ET-1 stimulates Ca2+ uptake (Bonventre and Force, 1998). FK506 is a potent Ca2+/calmodulin-dependent inhibitor of PP2B (Schreiber and Crabtree, 1992). ET-1 elicits cardiomyocyte hypertrophy in part through an NFATs-dependent mechanism. ET-1 inhibits GSK3, and activates PP2B, reversing GSK3’s inhibitory NFAT phosphorylation (Molkentin et al., 1998; Haq et al., 2000; Antos et al., 2002). We find that FK506 reverses ET-1-induced mesangial cell hypertrophy (Figure 5C). Taken together with the results in Figure 4 indicating that ET-1 triggers an inhibitory phosphorylation of mesangial cell GSK3, FK506 inhibition of mesangial cell hypertrophy is consistent with the idea that NFATs or other PP2B effectors are important to ET-1-induced hypertrophy.

ET-1 induction of p8 and hypertrophy requires the same signaling pathways

Despite the significant clinical importance of renal mesangial cell hypertrophy to the pathogenesis of diabetic nephropathy, little is known of the molecular mechanisms underlying this process. Accordingly, we have begun to seek transcripts induced by ET-1 in a manner indistinguishable from that of hypertrophy, and to determine if these transcripts are also induced in diabetic kidney.
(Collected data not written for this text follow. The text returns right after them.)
lemma tensor_act_J12_RmK_berger:
  "length xs = k + 4 \<Longrightarrow> set xs \<subseteq> {..<3} \<Longrightarrow> tensor_act J12 (RmK_flat (diag_bracket x y y) k) xs = 0"
proof (induction k arbitrary: xs)
  case 0
  then obtain i j m l where xs: "xs = [i,j,m,l]" by (auto elim: length_4_obtain)
  then show ?case using 0 tensor_act_J12_Rm0_berger by simp
next
  case (Suc k)
  then obtain w xs' where xs: "xs = w # xs'" by (cases xs) auto
  with Suc.prems have w: "w < 3" and len: "length xs' = k + 4" and set: "set xs' \<subseteq> {..<3}"
    by auto
  define G where "G = RmK_flat (diag_bracket x y y) k"
  define N where "N = nablaM (diag_bracket x y y)"
  have RmK_Suc: "RmK_flat (diag_bracket x y y) (Suc k) (p#ys) = - tensor_act (N p) G ys"
    if "length ys = k + 4" for p ys
    unfolding N_def G_def using that by (intro RmK_flat_Suc diag_bracket_antisym) simp
  have "tensor_act J12 (RmK_flat (diag_bracket x y y) (Suc k)) (w#xs')
      = (\<Sum>p<3. J12 p w * RmK_flat (diag_bracket x y y) (Suc k) (p#xs'))
        + tensor_act J12 (\<lambda>ys. RmK_flat (diag_bracket x y y) (Suc k) (w#ys)) xs'"
    by (rule tensor_act_Cons)
  also have "(\<Sum>p<3. J12 p w * RmK_flat (diag_bracket x y y) (Suc k) (p#xs'))
      = - tensor_act (\<lambda>q r. \<Sum>p<3. J12 p w * N p q r) G xs'"
    by (simp add: RmK_Suc len sum_negf tensor_act_sum)
  also have "tensor_act J12 (\<lambda>ys. RmK_flat (diag_bracket x y y) (Suc k) (w#ys)) xs'
      = - tensor_act J12 (tensor_act (N w) G) xs'"
    by (subst tensor_act_uminus[symmetric], rule tensor_act_cong) (simp add: RmK_Suc len)
  also have "tensor_act J12 (tensor_act (N w) G) xs' = tensor_act (N w) (tensor_act J12 G) xs'
      + tensor_act (\<lambda>p q. (\<Sum>r<3. N w p r * J12 r q) - (\<Sum>r<3. J12 p r * N w r q)) G xs'"
    by (rule tensor_act_commute)
  also have "tensor_act (N w) (tensor_act J12 G) xs' = 0"
  proof (rule tensor_act_eq_0I)
    fix a p :: nat assume "a < length xs'" "p < 3"
    then show "tensor_act J12 G (xs'[a:=p]) = 0"
      unfolding G_def using len set set_update_subset_insert[of xs' a p] by (intro Suc.IH) auto
  qed
  finally have "tensor_act J12 (RmK_flat (diag_bracket x y y) (Suc k)) xs
      = - tensor_act (\<lambda>q r. (\<Sum>p<3. J12 p w * N p q r)
          + ((\<Sum>s<3. N w q s * J12 s r) - (\<Sum>s<3. J12 q s * N w s r))) G xs'"
    by (simp add: xs tensor_act_add[symmetric])
  also have "\<dots> = 0"
    using tensor_act_zero_matrix[OF _ set] J12_derivation_nablaM_berger w by (simp add: N_def)
  finally show ?case .
qed

section \<open>Uniform estimates along a collapse\<close>

text \<open>The scale s stands for \<open>\<surd>\<epsilon>\<close> and t for \<open>1/\<surd>\<epsilon>\<close>.\<close>

definition collapse_bounds :: "real \<Rightarrow> real \<Rightarrow> real \<Rightarrow> real \<Rightarrow> real \<Rightarrow> real \<Rightarrow> real \<Rightarrow> bool" where
  "collapse_bounds K S x y z s t \<longleftrightarrow>
     0 < s \<and> s * t = 1 \<and> s \<le> S \<and> \<bar>x\<bar> \<le> K * s \<and> \<bar>y\<bar> \<le> K * t \<and> \<bar>z\<bar> \<le> K * t"

lemma collapse_boundsD:
  assumes "collapse_bounds K S x y z s t"
  shows "0 < s" "0 < t" "0 \<le> K" "\<bar>x\<bar> \<le> K * s" "\<bar>y\<bar> \<le> K * t" "\<bar>z\<bar> \<le> K * t"
    and "s \<le> S" "s \<le> S\<^sup>2 * t" "s^k \<le> S^(2*k+2) * t^(k+2)"
proof -
  have s: "0 < s" "s * t = 1" "s \<le> S" "\<bar>x\<bar> \<le> K * s"
    using assms unfolding collapse_bounds_def by auto
  then show t: "0 < t" using zero_less_mult_pos[of s t] by simp
  show "0 < s" "\<bar>x\<bar> \<le> K * s" "s \<le> S" by (fact s)+
  show "\<bar>y\<bar> \<le> K * t" "\<bar>z\<bar> \<le> K * t" using assms unfolding collapse_bounds_def by auto
  have "0 \<le> K * s" using s(4) abs_ge_zero[of x] by linarith
  then show "0 \<le> K" using s(1) by (simp add: zero_le_mult_iff)
  have "s = (s * s) * t" using s by (simp add: algebra_simps)
  also have "\<dots> \<le> (S * S) * t" using s t by (intro mult_right_mono mult_mono) auto
  finally show "s \<le> S\<^sup>2 * t" by (simp add: power2_eq_square)
  have "s^k = s^k * (s * t)^(k+2)" using s by simp
  also have "\<dots> = s^(2*k+2) * t^(k+2)" by (simp add: power_mult_distrib power_add mult_2)
  also have "\<dots> \<le> S^(2*k+2) * t^(k+2)" using s t by (intro mult_right_mono power_mono) auto
  finally show "s^k \<le> S^(2*k+2) * t^(k+2)" .
qed

lemma Rm0_berger_collapse_bound:
  assumes col: "collapse_bounds K S x y z s t" and "i < 3" "j < 3" "m < 3" "l < 3"
  shows "\<bar>Rm0 (diag_bracket x y y) i j m l\<bar> \<le> K * K * S\<^sup>2 + K * K"
proof -
  note b = collapse_boundsD[OF col]
  have "\<bar>Rm0 (diag_bracket x y y) i j m l\<bar> \<le> x*x + \<bar>x\<bar> * \<bar>y\<bar>"
    using assms berger_curvature_abs_le by (simp add: Rm0_berger)
  also have "x*x \<le> (K * S) * (K * S)"
  proof -
    have "\<bar>x\<bar> \<le> K * S" using b(4) mult_left_mono[OF b(7) b(3)] by linarith
    then have "\<bar>x\<bar> * \<bar>x\<bar> \<le> (K * S) * (K * S)" by (intro mult_mono) auto
    then show ?thesis by (simp add: abs_mult[symmetric])
  qed
  also have "\<bar>x\<bar> * \<bar>y\<bar> \<le> (K * s) * (K * t)" using b by (intro mult_mono) auto
  also have "(K * s) * (K * t) = K * K"
    using col by (simp add: collapse_bounds_def algebra_simps)
  finally show ?thesis by (simp add: power2_eq_square algebra_simps)
qed

text \<open>Each covariant derivative of the Berger curvature gains a factor s: the direction e0
contributes nothing by J-invariance.\<close>

lemma RmK_flat_berger_bound:
  assumes K0: "0 \<le> K"
  shows "\<exists>C\<ge>0. \<forall>x y z s t xs. collapse_bounds K S x y z s t \<longrightarrow> length xs = k + 4 \<longrightarrow>
      set xs \<subseteq> {..<3} \<longrightarrow> \<bar>RmK_flat (diag_bracket x y y) k xs\<bar> \<le> C * s^k"
proof (induction k)
  case 0
  show ?case
  proof (intro exI[of _ "K * K * S\<^sup>2 + K * K"] conjI allI impI)
    show "0 \<le> K * K * S\<^sup>2 + K * K" by simp
    fix x y z s t and xs :: "nat list"
    assume col: "collapse_bounds K S x y z s t" and len: "length xs = 0 + 4" and set: "set xs \<subseteq> {..<3}"
    obtain i j m l where xs: "xs = [i,j,m,l]" using len by (auto elim: length_4_obtain)
    then show "\<bar>RmK_flat (diag_bracket x y y) 0 xs\<bar> \<le> (K * K * S\<^sup>2 + K * K) * s^0"
      using Rm0_berger_collapse_bound[OF col] set by (simp add: RmK_flat_0)
  qed
next
  case (Suc k)
  then obtain C where C0: "0 \<le> C" and IH: "\<And>x y z s t xs. collapse_bounds K S x y z s t \<Longrightarrow>
      length xs = k + 4 \<Longrightarrow> set xs \<subseteq> {..<3} \<Longrightarrow> \<bar>RmK_flat (diag_bracket x y y) k xs\<bar> \<le> C * s^k"
    by blast
  show ?case
  proof (intro exI[of _ "3 * (real k + 4) * K * C"] conjI allI impI)
    show "0 \<le> 3 * (real k + 4) * K * C" using C0 K0 by simp
    fix x y z s t and xs :: "nat list"
    assume col: "collapse_bounds K S x y z s t" and len: "length xs = Suc k + 4"
      and set: "set xs \<subseteq> {..<3}"
    note b = collapse_boundsD[OF col]
    obtain w xs' where xs: "xs = w # xs'" using len by (cases xs) auto
    with len set have len': "length xs' = k + 4" and set': "set xs' \<subseteq> {..<3}" by auto
    have eq: "RmK_flat (diag_bracket x y y) (Suc k) xs
        = - tensor_act (nablaM (diag_bracket x y y) w) (RmK_flat (diag_bracket x y y) k) xs'"
      unfolding xs using len' by (intro RmK_flat_Suc diag_bracket_antisym) simp
    show "\<bar>RmK_flat (diag_bracket x y y) (Suc k) xs\<bar> \<le> 3 * (real k + 4) * K * C * s ^ Suc k"
    proof (cases "w = 0")
      case True
      have "nablaM (diag_bracket x y y) w = (\<lambda>q r. ((y + y - x) / 2) * J12 q r)"
        using True by (simp add: fun_eq_iff nablaM_diag_bracket_0)
      then have "tensor_act (nablaM (diag_bracket x y y) w) (RmK_flat (diag_bracket x y y) k) xs'
          = ((y + y - x) / 2) * tensor_act J12 (RmK_flat (diag_bracket x y y) k) xs'"
        by (simp only: tensor_act_cmult)
      then show ?thesis
        using eq tensor_act_J12_RmK_berger[OF len' set'] b C0 by simp
    next
      case False
      have "\<bar>tensor_act (nablaM (diag_bracket x y y) w) (RmK_flat (diag_bracket x y y) k) xs'\<bar>
          \<le> real (length xs') * 3 * ((K * s) * (C * s^k))"
      proof (rule tensor_act_abs_le)
        fix q r show "\<bar>nablaM (diag_bracket x y y) w q r\<bar> \<le> K * s"
          using nablaM_diag_bracket_abs_le_transversal[OF False, of x y y q r] b by simp
      next
        fix a p :: nat assume "a < length xs'" "p < 3"
        then show "\<bar>RmK_flat (diag_bracket x y y) k (xs'[a:=p])\<bar> \<le> C * s^k"
          using set' len' set_update_subset_insert[of xs' a p] by (intro IH[OF col]) auto
      qed
      then show ?thesis using eq len' by (simp add: algebra_simps)
    qed
  qed
qed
To this end, we treated mesangial cells with ET-1 under conditions sufficient to trigger hypertrophy. Some of the cells were pre-treated with specific inhibitors of kinase pathways. Our findings (Figure 6) indicate that p8 induction is regulated in a manner indistinguishable from that of hypertrophy. Thus, we find that the strong ET-1 induction of p8 is reversed by the PI-3-K inhibitor LY294002, the strongest inhibitor of hypertrophy (Figures 5A and 6A). Inhibition of p8 induction is also observed with the ERK pathway inhibitor U0126 and, to a lesser degree, by the JNK/SAPK inhibitor SP600125. FK506 treatment also blocks ET-1 induction of p8, suggesting that PP2B activity is important to both ET-1-stimulated hypertrophy and p8 expression. The extent to which these inhibitors prevent p8 induction coincides well with the degree to which these drugs block mesangial cell hypertrophy (Figure 6A). SB203580, which fails to prevent ET-1-induced mesangial cell hypertrophy (Figure 5A), also fails to suppress ET-1 induction of mesangial cell p8 (Figure 6A). Induction of Cu/Zn-sod and cystatin C by ET-1 also tracks a priori with hypertrophy, insofar as expression of these genes is inhibited by LY294002, U0126 and SP600125; however, the sensitivity of these genes to the different drugs differs from that of p8 and hypertrophy. For example, SP600125 is a relatively stronger inhibitor of Cu/Zn-sod and cystatin C induction than it is an inhibitor of p8 induction and hypertrophy (Figures 5 and 6A). The rapid induction of bag2 by ET-1 after 1 h does not appear to be under the same regulation as that of p8. Thus, neither LY294002, U0126 nor SP600125 prevents bag2 induction (Figure 6A). Instead, SB203580 strongly suppresses ET-1 induction of bag2, indicating that ET-1-stimulated bag2 expression, unlike mesangial cell hypertrophy, requires p38α and/or β. The consistent robustness of p8 induction (Figures 2 and 6A; Table I) as well as the induction of p8 in diabetic nephropathy and by high glucose (Figures 6B and 7) makes p8 an excellent candidate marker for diabetic hypertrophy.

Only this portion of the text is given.